(* Let $X=(X_0,X_1,\dots)$ be a Markov chain on $[0,\infty)$ with transition kernel $T(\cdot\mid x)$ such that $\int_0^\infty|y-x|^3T(dy\mid x)<\infty$ for all $x\ge0$; let $\mu_k(x)=\int_0^\infty(y-x)^kT(dy\mid x)$, $k=1,2,3$, and assume $\mu_2(x)>0$ for all sufficiently large $x$. Assume: (i) there is a function $\psi_1$ with $\mu_1(x)\le\frac{\mu_2(x)}{2x}[1+\psi_1(x)]$ for all sufficiently large $x$ and $\lim_{x\to\infty}(\log x)\psi_1(x)=0$; (ii) $\lim_{x\to\infty}\frac{\log x}{x}\frac{\mu_3(x)}{\mu_2(x)}=0$; (iii) for each positive integer $m$ there is $\delta=\delta(m)<1$ with $\sup_{x_0\in[0,m]}T([0,m]\mid x_0)\le\delta$. Then there exists $m\in(0,\infty)$ such that the set $C=[0,m)$ is recurrent.
   Context: For a Borel set $C\subseteq[0,\infty)$, let $\tau_C$ be the smallest $n\ge1$ with $X_n\in C$ ($\infty$ if none). $C$ is recurrent if $P(\tau_C<\infty\mid X_0=x_0)=1$ for every $x_0\in[0,\infty)$. *)

theory Defs
  imports "HOL-Probability.Probability"
begin

abbreviation state_space :: "real measure" where
  "state_space \<equiv> restrict_space borel {0..}"

definition transition_kernel :: "(real \<Rightarrow> real measure) \<Rightarrow> bool" where
  "transition_kernel T \<longleftrightarrow> T \<in> state_space \<rightarrow>\<^sub>M prob_algebra state_space"

definition nat_filtration :: "'a measure \<Rightarrow> (nat \<Rightarrow> 'a \<Rightarrow> real) \<Rightarrow> nat \<Rightarrow> 'a set set" where
  "nat_filtration M X n =
     sigma_sets (space M) {X i -` D \<inter> space M | i D. i \<le> n \<and> D \<in> sets state_space}"

definition markov_chain :: "'a measure \<Rightarrow> (nat \<Rightarrow> 'a \<Rightarrow> real) \<Rightarrow> (real \<Rightarrow> real measure) \<Rightarrow> bool" where
  "markov_chain M X T \<longleftrightarrow>
     prob_space M \<and>
     (\<forall>n. X n \<in> M \<rightarrow>\<^sub>M state_space) \<and>
     (\<forall>n A B. A \<in> nat_filtration M X n \<longrightarrow> B \<in> sets state_space \<longrightarrow>
        measure M (A \<inter> (X (Suc n) -` B \<inter> space M)) =
        (\<integral>\<omega>. indicator A \<omega> * measure (T (X n \<omega>)) B \<partial>M))"

definition recurrent_set :: "(real \<Rightarrow> real measure) \<Rightarrow> real set \<Rightarrow> bool" where
  "recurrent_set T C \<longleftrightarrow>
     (\<forall>x0 \<ge> 0. \<forall>(M :: (nat \<Rightarrow> real) measure) X.
        markov_chain M X T \<longrightarrow> (AE \<omega> in M. X 0 \<omega> = x0) \<longrightarrow>
        measure M {\<omega> \<in> space M. \<exists>n\<ge>1. X n \<omega> \<in> C} = 1)"

definition moment :: "(real \<Rightarrow> real measure) \<Rightarrow> nat \<Rightarrow> real \<Rightarrow> real" where
  "moment T k x = (\<integral>y. (y - x) ^ k \<partial>T x)"

end

theory Submission
  imports Defs
begin

text \<open>
  The potential is \<open>V x = ln (ln x)\<close>, frozen below \<open>e\<close>. Its fourth derivative is negative,
  so \<open>V\<close> lies below its cubic Taylor polynomial at \<open>x\<close>. Integrated against \<open>T(\<cdot> | x)\<close>, the
  first-order term is at most \<open>\<mu>\<^sub>2 (1 + \<psi>) / (2 x\<^sup>2 ln x)\<close> by (i), the second-order term
  \<open>-(ln x + 1) \<mu>\<^sub>2 / (2 x\<^sup>2 ln\<^sup>2 x)\<close> beats it by \<open>\<mu>\<^sub>2 (1 - \<psi> ln x) / (2 x\<^sup>2 ln\<^sup>2 x)\<close>, and
  by (ii) the third-order term is smaller than this margin; hence \<open>\<integral> V dT(\<cdot> | x) \<le> V x\<close>
  for \<open>x \<ge> m\<close>. So for every \<open>K\<close> the expected potential of the chain killed on leaving
  \<open>[m, K]\<close> never increases, whence \<open>V K \<cdot> P(leave [m, K] upwards) \<le> E V(X\<^sub>1) < \<infinity>\<close>.
  By (iii) the chain cannot stay in \<open>[m, K]\<close> forever, so the probability of never
  entering \<open>[0, m)\<close> is at most \<open>E V(X\<^sub>1) / V K\<close>, which tends to \<open>0\<close> as \<open>K \<rightarrow> \<infinity>\<close>.
\<close>

section \<open>The potential \<open>ln (ln x)\<close>\<close>

text \<open>The catch-all last equation is the fourth derivative.\<close>

fun lnln_deriv :: "nat \<Rightarrow> real \<Rightarrow> real" where
  "lnln_deriv 0 x = ln (ln x)"
| "lnln_deriv (Suc 0) x = 1 / (x * ln x)"
| "lnln_deriv (Suc (Suc 0)) x = - (ln x + 1) / (x^2 * (ln x)^2)"
| "lnln_deriv (Suc (Suc (Suc 0))) x = (2 * (ln x)^2 + 3 * ln x + 2) / (x^3 * (ln x)^3)"
| "lnln_deriv _ x = - (6 * (ln x)^3 + 11 * (ln x)^2 + 12 * ln x + 6) / (x^4 * (ln x)^4)"

lemma DERIV_lnln_deriv:
  assumes "k < 4" and "1 < x"
  shows "DERIV (lnln_deriv k) x :> lnln_deriv (Suc k) x"
proof -
  from \<open>k < 4\<close> consider "k = 0" | "k = 1" | "k = 2" | "k = 3" by linarith
  then show ?thesis
  proof cases
    case 1
    show ?thesis unfolding 1 lnln_deriv.simps[abs_def] using \<open>1 < x\<close>
      by (auto intro!: derivative_eq_intros)
  next
    case 2
    show ?thesis
      unfolding 2 One_nat_def numeral_2_eq_2 lnln_deriv.simps[abs_def] using \<open>1 < x\<close>
      by (auto intro!: derivative_eq_intros simp: field_simps power2_eq_square)
  next
    case 3
    show ?thesis unfolding 3 numeral_2_eq_2 numeral_3_eq_3 lnln_deriv.simps[abs_def] using \<open>1 < x\<close>
      by (auto intro!: derivative_eq_intros simp: field_simps power2_eq_square power3_eq_cube)
  next
    case 4
    show ?thesis unfolding 4 numeral_2_eq_2 numeral_3_eq_3 lnln_deriv.simps[abs_def] using \<open>1 < x\<close>
      by (auto intro!: derivative_eq_intros simp: field_simps eval_nat_numeral)
  qed
qed

lemma lnln_deriv_4_neg:
  assumes "1 < x"
  shows "lnln_deriv 4 x < 0"
proof -
  have "0 < ln x" using assms by simp
  then have "0 < 6 * (ln x)^3 + 11 * (ln x)^2 + 12 * ln x + 6"
    by (intro add_pos_pos) auto
  then show ?thesis using assms \<open>0 < ln x\<close> by (simp add: eval_nat_numeral divide_neg_pos)
qed

lemma lnln_le_taylor3:
  assumes "1 < x" and "1 < y"
  shows "ln (ln y) \<le> (\<Sum>k<4. lnln_deriv k x / fact k * (y - x) ^ k)"
proof (cases "y = x")
  case False
  obtain t where t: "min x y < t" "t < max x y"
    and taylor: "ln (ln y) = (\<Sum>k<4. lnln_deriv k x / fact k * (y - x) ^ k)
                              + lnln_deriv 4 t / fact 4 * (y - x) ^ 4"
    using Taylor[of 4 lnln_deriv "\<lambda>x. ln (ln x)" "min x y" "max x y" x y]
      DERIV_lnln_deriv assms False by (fastforce split: if_splits)
  have "1 < t" using t assms by (auto simp: min_less_iff_disj)
  then have "lnln_deriv 4 t / fact 4 * (y - x) ^ 4 \<le> 0"
    using lnln_deriv_4_neg[of t] by (intro mult_nonpos_nonneg divide_nonpos_pos) auto
  with taylor show ?thesis by linarith
qed simp

definition lnln_potential :: "real \<Rightarrow> real" where
  "lnln_potential y = ln (ln (max y (exp 1)))"

lemma one_le_ln_max_exp1: "1 \<le> ln (max (y::real) (exp 1))"
  using ln_ge_iff[of "max y (exp 1)" 1] by (simp add: less_max_iff_disj)

lemma lnln_potential_nonneg: "0 \<le> lnln_potential y"
  unfolding lnln_potential_def using one_le_ln_max_exp1[of y] by simp

lemma mono_lnln_potential: "mono lnln_potential"
proof (rule monoI)
  fix y z :: real assume "y \<le> z"
  then have "ln (max y (exp 1)) \<le> ln (max z (exp 1))"
    by (subst ln_le_cancel_iff) (auto simp: less_max_iff_disj)
  then show "lnln_potential y \<le> lnln_potential z"
    unfolding lnln_potential_def using one_le_ln_max_exp1[of y] one_le_ln_max_exp1[of z] by simp
qed

lemma lnln_potential_le: "lnln_potential y \<le> \<bar>y\<bar> + exp 1"
proof -
  have "lnln_potential y \<le> ln (max y (exp 1))"
    unfolding lnln_potential_def using ln_le_minus_one[of "ln (max y (exp 1))"] one_le_ln_max_exp1[of y]
    by simp
  also have "\<dots> \<le> max y (exp 1)" by (rule ln_bound) (simp add: less_max_iff_disj)
  also have "\<dots> \<le> \<bar>y\<bar> + exp 1" using exp_gt_zero[of 1] by linarith
  finally show ?thesis .
qed

lemma lnln_potential_at_top: "filterlim lnln_potential at_top at_top"
proof -
  have eq: "\<forall>\<^sub>F y in at_top. ln (ln y) = lnln_potential y"
    using eventually_ge_at_top[of "exp 1"] by eventually_elim (simp add: lnln_potential_def)
  show ?thesis
    using filterlim_cong[OF refl refl eq] filterlim_compose[OF ln_at_top ln_at_top] by simp
qed

text \<open>The right-hand side is the cubic Taylor polynomial of \<open>ln (ln)\<close> at \<open>x\<close>, evaluated at
  \<open>(1 + s) x\<close>, where \<open>L = ln x\<close>.\<close>

lemma lnln_taylor3_nonneg_left:
  fixes L s :: real
  assumes L: "4 \<le> L" and s: "-1 \<le> s" "s \<le> 0"
  shows "0 \<le> ln L + s / L - (L + 1) / (2 * L^2) * s^2 + (2 * L^2 + 3 * L + 2) / (6 * L^3) * s^3"
proof -
  have "-1 / L \<le> s / L" using L s divide_right_mono[of "-1" s L] by simp
  moreover have "(L + 1) / (2 * L^2) * s^2 \<le> 1 / L"
  proof -
    have "(-s)^2 \<le> 1" using s by (intro power_le_one) auto
    then have "s^2 \<le> 1" by simp
    then have "(L + 1) / (2 * L^2) * s^2 \<le> (L + 1) / (2 * L^2)"
      using L by (intro mult_left_le) auto
    also have "\<dots> \<le> 1 / L" using L by (simp add: field_simps power2_eq_square)
    finally show ?thesis .
  qed
  moreover have "-1 / L \<le> (2 * L^2 + 3 * L + 2) / (6 * L^3) * s^3"
  proof -
    have "(-s)^3 \<le> 1" using s by (intro power_le_one) auto
    then have "-1 \<le> s^3" by simp
    then have "- ((2 * L^2 + 3 * L + 2) / (6 * L^3)) \<le> (2 * L^2 + 3 * L + 2) / (6 * L^3) * s^3"
      using mult_left_mono[of "-1" "s^3" "(2 * L^2 + 3 * L + 2) / (6 * L^3)"] L by simp
    moreover have "(2 * L^2 + 3 * L + 2) / (6 * L^3) \<le> 1 / L"
    proof -
      have "4 * L \<le> L * L" using L by (intro mult_right_mono) auto
      then have "2 * L^2 + 3 * L + 2 \<le> 6 * L^2" using L unfolding power2_eq_square by linarith
      then have "(2 * L^2 + 3 * L + 2) / (6 * L^3) \<le> 6 * L^2 / (6 * L^3)"
        using L by (intro divide_right_mono) auto
      also have "6 * L^2 / (6 * L^3) = 1 / L" using L by (simp add: power2_eq_square power3_eq_cube)
      finally show ?thesis .
    qed
    ultimately show ?thesis by simp
  qed
  moreover have "3 * (1 / L) \<le> ln L"
  proof -
    have "3 * (1 / L) \<le> 1" using L by simp
    also have "1 \<le> ln (4::real)" using exp_le by (subst ln_ge_iff) auto
    also have "\<dots> \<le> ln L" using L by simp
    finally show ?thesis .
  qed
  ultimately show ?thesis by linarith
qed

lemma lnln_potential_le_taylor3:
  assumes x: "exp 4 \<le> x" and y: "0 \<le> y"
  shows "lnln_potential y \<le> (\<Sum>k<4. lnln_deriv k x / fact k * (y - x) ^ k)"
proof (cases "exp 1 \<le> y")
  case True
  have "exp 1 \<le> (exp 4 :: real)" by simp
  then have "exp 1 \<le> x" using x by linarith
  then have "1 < x" "1 < y" using True exp_gt_one[of 1] by linarith+
  then show ?thesis using True lnln_le_taylor3 by (simp add: lnln_potential_def)
next
  case False
  define L where "L = ln x"
  define s where "s = (y - x) / x"
  have x0: "0 < x" using x exp_gt_zero[of 4] by linarith
  have L: "4 \<le> L" unfolding L_def using x x0 by (simp add: ln_ge_iff)
  have "exp 1 \<le> (exp 4 :: real)" by simp
  then have "exp 1 \<le> x" using x by linarith
  then have s: "-1 \<le> s" "s \<le> 0" unfolding s_def using x0 y False by (simp_all add: field_simps)
  have "(\<Sum>k<4. lnln_deriv k x / fact k * (y - x) ^ k)
      = ln L + s / L - (L + 1) / (2 * L^2) * s^2 + (2 * L^2 + 3 * L + 2) / (6 * L^3) * s^3"
  proof -
    have d: "y - x = s * x" using x0 by (simp add: s_def)
    have "0 < ln x" using L unfolding L_def by simp
    then show ?thesis unfolding d L_def using x0
      by (simp add: eval_nat_numeral power_mult_distrib) (simp add: field_simps)
  qed
  moreover have "lnln_potential y = 0" using False by (simp add: lnln_potential_def max_def)
  ultimately show ?thesis using lnln_taylor3_nonneg_left[OF L s] by simp
qed

lemma lnln_taylor3_increment_nonpos:
  fixes x m1 m2 m3 \<psi> :: real
  assumes x: "exp 4 \<le> x" and m2: "0 < m2" and m1: "m1 \<le> m2 / (2 * x) * (1 + \<psi>)"
    and \<psi>: "ln x * \<psi> \<le> 1/2" and m3: "ln x / x * (m3 / m2) \<le> 1/2"
  shows "lnln_deriv 1 x * m1 + lnln_deriv 2 x / 2 * m2 + lnln_deriv 3 x / 6 * m3 \<le> 0"
proof -
  define L where "L = ln x"
  have x0: "0 < x" using x exp_gt_zero[of 4] by linarith
  have L: "4 \<le> L" unfolding L_def using x x0 by (simp add: ln_ge_iff)
  have d1: "lnln_deriv 1 x = 1 / (x * L)"
    and d2: "lnln_deriv 2 x = - (L + 1) / (x^2 * L^2)"
    and d3: "lnln_deriv 3 x = (2 * L^2 + 3 * L + 2) / (x^3 * L^3)"
    by (simp_all add: L_def eval_nat_numeral)
  define K where "K = m2 / (2 * x^2 * L^2)"
  define r where "r = L / x * (m3 / m2)"
  define q where "q = (2 * L^2 + 3 * L + 2) / (3 * L^2)"
  have K: "0 < K" unfolding K_def using m2 x0 L by simp
  have "lnln_deriv 1 x * m1 \<le> lnln_deriv 1 x * (m2 / (2 * x) * (1 + \<psi>))"
    using m1 x0 L by (intro mult_left_mono) (simp_all add: d1 L_def[symmetric])
  also have "\<dots> = K * (L + L * \<psi>)"
    unfolding K_def d1 using x0 L by (simp add: field_simps eval_nat_numeral)
  finally have 1: "lnln_deriv 1 x * m1 \<le> K * (L + L * \<psi>)" .
  have 2: "lnln_deriv 2 x / 2 * m2 = - K * (L + 1)"
    unfolding K_def d2 using x0 L by (simp add: field_simps eval_nat_numeral)
  have 3: "lnln_deriv 3 x / 6 * m3 = K * (r * q)"
    unfolding K_def r_def q_def d3 using x0 L m2 by (simp add: field_simps eval_nat_numeral)
  have q: "0 < q" "q \<le> 1"
  proof -
    show "0 < q" unfolding q_def using L by (intro divide_pos_pos add_pos_pos) auto
    have "4 * L \<le> L * L" using L by (intro mult_right_mono) auto
    then have "2 + 3 * L \<le> L * L" using L by linarith
    then show "q \<le> 1" unfolding q_def using L by (simp add: field_simps power2_eq_square)
  qed
  have "r * q \<le> 1/2"
  proof (cases "r \<le> 0")
    case True
    then have "r * q \<le> 0" using q by (intro mult_nonpos_nonneg) auto
    then show ?thesis by linarith
  next
    case False
    then have "r * q \<le> r" using q by (simp add: mult_left_le)
    also have "r \<le> 1/2" using m3 unfolding r_def L_def .
    finally show ?thesis .
  qed
  then have "K * (L * \<psi> - 1 + r * q) \<le> 0"
    using K \<psi> unfolding L_def by (intro mult_nonneg_nonpos) auto
  then show ?thesis using 1 2 3 by (simp add: algebra_simps)
qed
--
» Exercise goal
From the entries above, give again exactly the lines running from the line with "ln\<^sup>2 x)\<close>, and" to the line with "(Suc (Suc (Suc"; include both of those lines.

» Reply
  \<open>-(ln x + 1) \<mu>\<^sub>2 / (2 x\<^sup>2 ln\<^sup>2 x)\<close> beats it by \<open>\<mu>\<^sub>2 (1 - \<psi> ln x) / (2 x\<^sup>2 ln\<^sup>2 x)\<close>, and
  by (ii) the third-order term is smaller than this margin; hence \<open>\<integral> V dT(\<cdot> | x) \<le> V x\<close>
  for \<open>x \<ge> m\<close>. So for every \<open>K\<close> the expected potential of the chain killed on leaving
  \<open>[m, K]\<close> never increases, whence \<open>V K \<cdot> P(leave [m, K] upwards) \<le> E V(X\<^sub>1) < \<infinity>\<close>.
  By (iii) the chain cannot stay in \<open>[m, K]\<close> forever, so the probability of never
  entering \<open>[0, m)\<close> is at most \<open>E V(X\<^sub>1) / V K\<close>, which tends to \<open>0\<close> as \<open>K \<rightarrow> \<infinity>\<close>.
\<close>

section \<open>The potential \<open>ln (ln x)\<close>\<close>

text \<open>The catch-all last equation is the fourth derivative.\<close>

fun lnln_deriv :: "nat \<Rightarrow> real \<Rightarrow> real" where
  "lnln_deriv 0 x = ln (ln x)"
| "lnln_deriv (Suc 0) x = 1 / (x * ln x)"
| "lnln_deriv (Suc (Suc 0)) x = - (ln x + 1) / (x^2 * (ln x)^2)"
| "lnln_deriv (Suc (Suc (Suc 0))) x = (2 * (ln x)^2 + 3 * ln x + 2) / (x^3 * (ln x)^3)"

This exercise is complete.